## Work request:
Write out every record below exactly as it appears.

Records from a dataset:
lemma FH_eq_of_double_minus_one:
  assumes i: "i \<in> {1..r}" and j: "j \<in> {1..r}" and "A' i j = -1" "A' j i = -1"
  shows "FH j b = \<iota> (1 / A j j) * dp j b - \<iota> (1 / A i i) * dp i b"
proof -
  have "i \<noteq> j"
    using assms diag by force
  have "A j i = - A i i"
    using \<open>A' j i = -1\<close> A_diag_nonzero[OF i] by (simp add: A'_def field_simps)
  moreover have "B i j = 1 / A j j"
    using A'_minus_N[OF j i] double_minus_one_direct_factor[OF i j assms(3,4)] assms(3)
      A_diag_nonzero[OF j] by (simp add: field_simps)
  ultimately have "\<iota> (A i i) * dm j b = \<iota> (1 / A j j) * dp i b"
    using dm_dp_dependent[OF i j \<open>i \<noteq> j\<close>, of b] by (simp add: iota_simps)
  then have "dm j b = \<iota> (1 / A i i) * (\<iota> (1 / A j j) * dp i b)"
    using iota_cancel[OF A_diag_nonzero[OF i], of "dm j b"] by simp
  then have "\<iota> (A j j) * dm j b = \<iota> (1 / A i i) * dp i b"
    using iota_cancel[OF A_diag_nonzero[OF j]] by (simp add: mult.left_commute[of "\<iota> (A j j)"])
  then show ?thesis
    using A_dm_eq[OF j, of b] by (simp add: algebra_simps)
qed

lemma FH_add_eq_zero:
  assumes "i \<in> {1..r}" "j \<in> {1..r}" "A' i j = -1" "A' j i = -1"
  shows "FH i b + FH j b = 0"
  using FH_eq_of_double_minus_one[OF assms] FH_eq_of_double_minus_one[of j i] assms by simp

end

theorem theorem3p5:
  fixes r :: nat and N :: "nat \<Rightarrow> nat \<Rightarrow> int"
    and \<alpha> :: "nat \<Rightarrow> nat \<Rightarrow> complex"
    and \<iota> :: "complex \<Rightarrow> 'a::comm_ring_1"
    and FH :: "nat \<Rightarrow> 'a \<Rightarrow> 'a"
    and v vinv :: "nat \<Rightarrow> 'a"
    and dp dm :: "nat \<Rightarrow> 'a \<Rightarrow> 'a"
  defines "m \<equiv> r + corank r N"
  defines "A \<equiv> (\<lambda>i j. lform_Im \<iota> m FH (\<alpha> i) (dp j))"
  defines "A' \<equiv> (\<lambda>i j. A i j / A j j)"
  assumes gcm: "gcm r N"
    and alpha_N: "\<forall>i\<in>{1..r}. \<forall>j\<in>{1..r}. \<alpha> j i = of_int (N i j)"
    and alpha_indep: "lin_indep_on {1..r} {1..m} \<alpha>"
    and iota: "cplx_alg_hom \<iota>"
    and F_der: "\<forall>k\<in>{1..m}. is_der \<iota> (FH k)"
    and F_comm: "\<forall>k\<in>{1..m}. \<forall>l\<in>{1..m}. der_br (FH k) (FH l) = (\<lambda>b. 0)"
    and v_inv: "\<forall>i\<in>{1..r}. v i * vinv i = 1"
    and v_eig: "\<forall>i\<in>{1..r}. \<forall>k\<in>{1..m}. FH k (v i) = \<iota> (\<alpha> i k) * v i"
    and dp_Im: "\<forall>i\<in>{1..r}. dp i \<in> ImF \<iota> m FH"
    and dm_Im: "\<forall>i\<in>{1..r}. dm i \<in> ImF \<iota> m FH"
    and br_ii: "\<forall>i\<in>{1..r}. der_br (\<lambda>b. v i * dp i b) (\<lambda>b. vinv i * dm i b) = FH i"
    and br_ij: "\<forall>i\<in>{1..r}. \<forall>j\<in>{1..r}. i \<noteq> j \<longrightarrow>
                  der_br (\<lambda>b. v i * dp i b) (\<lambda>b. vinv j * dm j b) = (\<lambda>b. 0)"
  shows "(\<forall>i\<in>{1..r}. A i i \<noteq> 0)
    \<and> (\<forall>i\<in>{1..r}. dm i = (\<lambda>b. \<iota> (1 / A i i) * (- FH i b + \<iota> (1 / A i i) * dp i b)))
    \<and> (\<forall>i\<in>{1..r}. \<forall>j\<in>{1..r}. i \<noteq> j \<longrightarrow> A' i j \<in> {0, -1})
    \<and> (\<forall>i\<in>{1..r}. \<forall>j\<in>{1..r}. A' i j + A' j i = of_int (N j i))
    \<and> (\<forall>i\<in>{1..r}. \<forall>j\<in>{1..r}. A' i j = -1 \<longrightarrow>
          (\<forall>k\<in>{1..r}. k \<noteq> j \<longrightarrow> A' i k \<noteq> -1) \<and> (\<forall>k\<in>{1..r}. k \<noteq> i \<longrightarrow> A' k j \<noteq> -1))
    \<and> (\<forall>i\<in>{1..r}. \<forall>j\<in>{1..r}. A' i j = -1 \<and> A' j i = -1 \<longrightarrow>
          N i j = -2 \<and> N j i = -2 \<and>
          (\<forall>k\<in>{1..r} - {i, j}. N i k = 0 \<and> N k i = 0 \<and> N j k = 0 \<and> N k j = 0) \<and>
          (\<forall>b. FH i b + FH j b = 0))"
proof -
  interpret derivation_realisation r N \<alpha> \<iota> m FH v vinv dp dm
    rewrites "derivation_realisation.A \<alpha> \<iota> m FH dp = A"
      and "derivation_realisation.A' \<alpha> \<iota> m FH dp = A'"
  proof -
    show "derivation_realisation r N \<alpha> \<iota> m FH v vinv dp dm"
      by unfold_locales (use gcm alpha_N iota F_der F_comm v_inv v_eig dp_Im dm_Im br_ii br_ij in
        \<open>auto simp: m_def\<close>)
    then show "derivation_realisation.A \<alpha> \<iota> m FH dp = A"
      by (simp add: derivation_realisation.A_def A_def fun_eq_iff)
    then show "derivation_realisation.A' \<alpha> \<iota> m FH dp = A'"
      using \<open>derivation_realisation r N \<alpha> \<iota> m FH v vinv dp dm\<close>
      by (simp add: derivation_realisation.A'_def A'_def fun_eq_iff)
  qed
  show ?thesis
  proof (intro conjI)
    show "\<forall>i\<in>{1..r}. \<forall>j\<in>{1..r}. A' i j = -1 \<longrightarrow>
        (\<forall>k\<in>{1..r}. k \<noteq> j \<longrightarrow> A' i k \<noteq> -1) \<and> (\<forall>k\<in>{1..r}. k \<noteq> i \<longrightarrow> A' k j \<noteq> -1)"
      using minus_one_unique_in_row minus_one_unique_in_column by blast
    show "\<forall>i\<in>{1..r}. \<forall>j\<in>{1..r}. A' i j = -1 \<and> A' j i = -1 \<longrightarrow>
        N i j = -2 \<and> N j i = -2 \<and>
        (\<forall>k\<in>{1..r} - {i, j}. N i k = 0 \<and> N k i = 0 \<and> N j k = 0 \<and> N k j = 0) \<and>
        (\<forall>b. FH i b + FH j b = 0)"
      using double_minus_one_direct_factor FH_add_eq_zero by blast
  qed (use A_diag_nonzero dm_eq offdiag_values add_transpose in blast)+
qed

end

## Answer to this exercise:
lemma FH_eq_of_double_minus_one:
  assumes i: "i \<in> {1..r}" and j: "j \<in> {1..r}" and "A' i j = -1" "A' j i = -1"
  shows "FH j b = \<iota> (1 / A j j) * dp j b - \<iota> (1 / A i i) * dp i b"
proof -
  have "i \<noteq> j"
    using assms diag by force
  have "A j i = - A i i"
    using \<open>A' j i = -1\<close> A_diag_nonzero[OF i] by (simp add: A'_def field_simps)
  moreover have "B i j = 1 / A j j"
    using A'_minus_N[OF j i] double_minus_one_direct_factor[OF i j assms(3,4)] assms(3)
      A_diag_nonzero[OF j] by (simp add: field_simps)
  ultimately have "\<iota> (A i i) * dm j b = \<iota> (1 / A j j) * dp i b"
    using dm_dp_dependent[OF i j \<open>i \<noteq> j\<close>, of b] by (simp add: iota_simps)
  then have "dm j b = \<iota> (1 / A i i) * (\<iota> (1 / A j j) * dp i b)"
    using iota_cancel[OF A_diag_nonzero[OF i], of "dm j b"] by simp
  then have "\<iota> (A j j) * dm j b = \<iota> (1 / A i i) * dp i b"
    using iota_cancel[OF A_diag_nonzero[OF j]] by (simp add: mult.left_commute[of "\<iota> (A j j)"])
  then show ?thesis
    using A_dm_eq[OF j, of b] by (simp add: algebra_simps)
qed

lemma FH_add_eq_zero:
  assumes "i \<in> {1..r}" "j \<in> {1..r}" "A' i j = -1" "A' j i = -1"
  shows "FH i b + FH j b = 0"
  using FH_eq_of_double_minus_one[OF assms] FH_eq_of_double_minus_one[of j i] assms by simp

end

theorem theorem3p5:
  fixes r :: nat and N :: "nat \<Rightarrow> nat \<Rightarrow> int"
    and \<alpha> :: "nat \<Rightarrow> nat \<Rightarrow> complex"
    and \<iota> :: "complex \<Rightarrow> 'a::comm_ring_1"
    and FH :: "nat \<Rightarrow> 'a \<Rightarrow> 'a"
    and v vinv :: "nat \<Rightarrow> 'a"
    and dp dm :: "nat \<Rightarrow> 'a \<Rightarrow> 'a"
  defines "m \<equiv> r + corank r N"
  defines "A \<equiv> (\<lambda>i j. lform_Im \<iota> m FH (\<alpha> i) (dp j))"
  defines "A' \<equiv> (\<lambda>i j. A i j / A j j)"
  assumes gcm: "gcm r N"
    and alpha_N: "\<forall>i\<in>{1..r}. \<forall>j\<in>{1..r}. \<alpha> j i = of_int (N i j)"
    and alpha_indep: "lin_indep_on {1..r} {1..m} \<alpha>"
    and iota: "cplx_alg_hom \<iota>"
    and F_der: "\<forall>k\<in>{1..m}. is_der \<iota> (FH k)"
    and F_comm: "\<forall>k\<in>{1..m}. \<forall>l\<in>{1..m}. der_br (FH k) (FH l) = (\<lambda>b. 0)"
    and v_inv: "\<forall>i\<in>{1..r}. v i * vinv i = 1"
    and v_eig: "\<forall>i\<in>{1..r}. \<forall>k\<in>{1..m}. FH k (v i) = \<iota> (\<alpha> i k) * v i"
    and dp_Im: "\<forall>i\<in>{1..r}. dp i \<in> ImF \<iota> m FH"
    and dm_Im: "\<forall>i\<in>{1..r}. dm i \<in> ImF \<iota> m FH"
    and br_ii: "\<forall>i\<in>{1..r}. der_br (\<lambda>b. v i * dp i b) (\<lambda>b. vinv i * dm i b) = FH i"
    and br_ij: "\<forall>i\<in>{1..r}. \<forall>j\<in>{1..r}. i \<noteq> j \<longrightarrow>
                  der_br (\<lambda>b. v i * dp i b) (\<lambda>b. vinv j * dm j b) = (\<lambda>b. 0)"
  shows "(\<forall>i\<in>{1..r}. A i i \<noteq> 0)
    \<and> (\<forall>i\<in>{1..r}. dm i = (\<lambda>b. \<iota> (1 / A i i) * (- FH i b + \<iota> (1 / A i i) * dp i b)))
    \<and> (\<forall>i\<in>{1..r}. \<forall>j\<in>{1..r}. i \<noteq> j \<longrightarrow> A' i j \<in> {0, -1})
    \<and> (\<forall>i\<in>{1..r}. \<forall>j\<in>{1..r}. A' i j + A' j i = of_int (N j i))
    \<and> (\<forall>i\<in>{1..r}. \<forall>j\<in>{1..r}. A' i j = -1 \<longrightarrow>
          (\<forall>k\<in>{1..r}. k \<noteq> j \<longrightarrow> A' i k \<noteq> -1) \<and> (\<forall>k\<in>{1..r}. k \<noteq> i \<longrightarrow> A' k j \<noteq> -1))
    \<and> (\<forall>i\<in>{1..r}. \<forall>j\<in>{1..r}. A' i j = -1 \<and> A' j i = -1 \<longrightarrow>
          N i j = -2 \<and> N j i = -2 \<and>
          (\<forall>k\<in>{1..r} - {i, j}. N i k = 0 \<and> N k i = 0 \<and> N j k = 0 \<and> N k j = 0) \<and>
          (\<forall>b. FH i b + FH j b = 0))"
proof -
  interpret derivation_realisation r N \<alpha> \<iota> m FH v vinv dp dm
    rewrites "derivation_realisation.A \<alpha> \<iota> m FH dp = A"
      and "derivation_realisation.A' \<alpha> \<iota> m FH dp = A'"
  proof -
    show "derivation_realisation r N \<alpha> \<iota> m FH v vinv dp dm"
      by unfold_locales (use gcm alpha_N iota F_der F_comm v_inv v_eig dp_Im dm_Im br_ii br_ij in
        \<open>auto simp: m_def\<close>)
    then show "derivation_realisation.A \<alpha> \<iota> m FH dp = A"
      by (simp add: derivation_realisation.A_def A_def fun_eq_iff)
    then show "derivation_realisation.A' \<alpha> \<iota> m FH dp = A'"
      using \<open>derivation_realisation r N \<alpha> \<iota> m FH v vinv dp dm\<close>
      by (simp add: derivation_realisation.A'_def A'_def fun_eq_iff)
  qed
  show ?thesis
  proof (intro conjI)
    show "\<forall>i\<in>{1..r}. \<forall>j\<in>{1..r}. A' i j = -1 \<longrightarrow>
        (\<forall>k\<in>{1..r}. k \<noteq> j \<longrightarrow> A' i k \<noteq> -1) \<and> (\<forall>k\<in>{1..r}. k \<noteq> i \<longrightarrow> A' k j \<noteq> -1)"
      using minus_one_unique_in_row minus_one_unique_in_column by blast
    show "\<forall>i\<in>{1..r}. \<forall>j\<in>{1..r}. A' i j = -1 \<and> A' j i = -1 \<longrightarrow>
        N i j = -2 \<and> N j i = -2 \<and>
        (\<forall>k\<in>{1..r} - {i, j}. N i k = 0 \<and> N k i = 0 \<and> N j k = 0 \<and> N k j = 0) \<and>
        (\<forall>b. FH i b + FH j b = 0)"
      using double_minus_one_direct_factor FH_add_eq_zero by blast
  qed (use A_diag_nonzero dm_eq offdiag_values add_transpose in blast)+
qed

end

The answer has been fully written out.